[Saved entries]
===============
(* Let $\beta=\beta_n\ge0$ with $n\beta_n\to0$, and let $(\delta_n)$ be a positive sequence with $\log(\delta_n)/\log n\to0$. Set $b_n=\sqrt{2\log n}-\frac{\log\log n+2\log\delta_n+\log(4\pi)}{2\sqrt{2\log n}}$. Let $k$ be an integer with $1\le k\le n$. Then for $n$ large enough, $$\frac{Z_{n-k,1-\frac{k\beta}{4b_n^2},\beta}}{Z_{n-k,\beta}}\le 4^k,\qquad \frac{Z_{n-k,\beta}}{Z_{n,\beta}}\le\Big(\sqrt{\tfrac{2}{\pi}}\Big)^k.$$
   Context: For $\alpha>0$, $\beta\ge0$, $m\ge1$, $Z_{m,\alpha,\beta}=\int_{\mathbb{R}^m}\exp(-\frac{\alpha}{2}\sum_{i=1}^m\lambda_i^2)\prod_{1\le i<j\le m}|\lambda_i-\lambda_j|^\beta\prod_{i=1}^m\mathrm{d}\lambda_i$, and $Z_{m,\beta}=Z_{m,1,\beta}$. For $m=0$ these are taken to equal $1$. *)

theory Defs
  imports "HOL-Analysis.Analysis"
begin

text \<open>Points of R^m are rendered as functions nat => real restricted to {..<m},
  with the product Lebesgue measure PiM {..<m} (\<lambda>_. lborel).\<close>

definition selberg_integrand :: "nat \<Rightarrow> real \<Rightarrow> real \<Rightarrow> (nat \<Rightarrow> real) \<Rightarrow> real" where
  "selberg_integrand m \<alpha> \<beta> x =
     exp (- (\<alpha> / 2) * (\<Sum>i<m. (x i)\<^sup>2)) *
     (\<Prod>p\<in>{(i, j). i < j \<and> j < m}. \<bar>x (fst p) - x (snd p)\<bar> powr \<beta>)"

definition Zab :: "nat \<Rightarrow> real \<Rightarrow> real \<Rightarrow> real" where
  "Zab m \<alpha> \<beta> =
     (if m = 0 then 1
      else integral\<^sup>L (PiM {..<m} (\<lambda>_. lborel)) (selberg_integrand m \<alpha> \<beta>))"

definition Zb :: "nat \<Rightarrow> real \<Rightarrow> real" where
  "Zb m \<beta> = Zab m 1 \<beta>"

definition bseq :: "(nat \<Rightarrow> real) \<Rightarrow> nat \<Rightarrow> real" where
  "bseq \<delta> n = sqrt (2 * ln (real n))
     - (ln (ln (real n)) + 2 * ln (\<delta> n) + ln (4 * pi)) / (2 * sqrt (2 * ln (real n)))"

end

theory Submission
  imports Defs "HOL-Probability.Distributions"
begin

(* Since |u| powr \<beta> = exp (\<beta> ln |u|) \<ge> 1 + \<beta> ln |u| \<ge> 1 - \<beta> L u for an integrable
   majorant L of max 0 (- ln |u|), and a product of factors f_i \<ge> 1 - v_i is at least 1 - \<Sum> v_i,
   integrating out the last coordinate gives Z_{j+1,\<beta>} \<ge> (sqrt (2 pi) - \<beta> j \<integral>L) Z_{j,\<beta>}.
   Once n \<beta>_n is small, every factor is at least sqrt (pi/2), which gives the second bound.
   The substitution x = y / sqrt \<alpha> gives Z_{m,\<alpha>,\<beta>} = \<alpha> powr (-(m + P \<beta>)/2) Z_{m,\<beta>}, where P \<le> m^2
   is the number of pairs; for \<alpha> = 1 - k \<beta> / (4 b_n^2) with b_n \<ge> 1 and n \<beta>_n \<le> 1 this factor
   is at most exp k. *)

definition inv_sqrt_unit :: "real \<Rightarrow> real" where
  "inv_sqrt_unit u = indicator {0<..1} u * u powr (-1/2)"

lemma integrable_inv_sqrt_unit: "integrable lborel inv_sqrt_unit"
proof -
  have "integrable lebesgue (\<lambda>u. indicat_real {0<..1} u *\<^sub>R u powr (-1/2::real))"
    by (intro nonnegative_absolutely_integrable_1 [unfolded set_integrable_def]
        integrable_on_powr_from_0') auto
  then have "integrable lebesgue inv_sqrt_unit"
    by (simp add: inv_sqrt_unit_def[abs_def])
  moreover have "inv_sqrt_unit \<in> borel_measurable lborel"
    unfolding inv_sqrt_unit_def by measurable
  ultimately show ?thesis
    using integrable_completion by blast
qed

(* An integrable majorant of max 0 (- ln |u|). *)
definition ln_kernel :: "real \<Rightarrow> real" where
  "ln_kernel u = 2 * (inv_sqrt_unit u + inv_sqrt_unit (- u))"

definition ln_kernel_mass :: real where
  "ln_kernel_mass = (\<integral>u. ln_kernel u \<partial>lborel)"

lemma ln_kernel_nonneg: "0 \<le> ln_kernel u"
  by (simp add: ln_kernel_def inv_sqrt_unit_def indicator_def)

lemma ln_kernel_mass_nonneg: "0 \<le> ln_kernel_mass"
  unfolding ln_kernel_mass_def by (simp add: ln_kernel_nonneg)

lemma integrable_ln_kernel: "integrable lborel ln_kernel"
proof -
  have "integrable lborel (\<lambda>u. inv_sqrt_unit (0 + (-1) * u))"
    by (rule lborel_integrable_real_affine[OF integrable_inv_sqrt_unit]) simp
  then show ?thesis
    unfolding ln_kernel_def[abs_def] using integrable_inv_sqrt_unit by simp
qed

lemma integrable_ln_kernel_reflect: "integrable lborel (\<lambda>y. ln_kernel (a - y))"
  using lborel_integrable_real_affine[OF integrable_ln_kernel, of "-1" a] by simp

lemma integral_ln_kernel_reflect: "(\<integral>y. ln_kernel (a - y) \<partial>lborel) = ln_kernel_mass"
  using lborel_integral_real_affine[of "-1" ln_kernel a] by (simp add: ln_kernel_mass_def)

lemma ln_abs_ge_neg_ln_kernel:
  assumes "u \<noteq> 0"
  shows "- ln_kernel u \<le> ln \<bar>u\<bar>"
proof (cases "\<bar>u\<bar> \<le> 1")
  case True
  have u: "0 < \<bar>u\<bar>" using assms by simp
  have "ln_kernel u = 2 / sqrt \<bar>u\<bar>"
    using True u
    by (cases "u > 0") (auto simp: ln_kernel_def inv_sqrt_unit_def powr_minus_divide powr_half_sqrt)
  moreover have "ln (1 / sqrt \<bar>u\<bar>) \<le> 1 / sqrt \<bar>u\<bar> - 1"
    using u by (intro ln_le_minus_one) simp
  moreover have "ln \<bar>u\<bar> = - 2 * ln (1 / sqrt \<bar>u\<bar>)"
    using u by (simp add: ln_div ln_sqrt)
  ultimately show ?thesis by simp
next
  case False
  then show ?thesis using ln_kernel_nonneg[of u] ln_ge_zero[of "\<bar>u\<bar>"] by linarith
qed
===============
WHAT YOU NEED TO DO >>
Write down, word for word, the lines above from the one containing "u = 2 / sqrt" through the one containing "using u by (intro ln_le_minus_one) simp", both ends included.

RESPONSE BOX >>
  have "ln_kernel u = 2 / sqrt \<bar>u\<bar>"
    using True u
    by (cases "u > 0") (auto simp: ln_kernel_def inv_sqrt_unit_def powr_minus_divide powr_half_sqrt)
  moreover have "ln (1 / sqrt \<bar>u\<bar>) \<le> 1 / sqrt \<bar>u\<bar> - 1"
    using u by (intro ln_le_minus_one) simp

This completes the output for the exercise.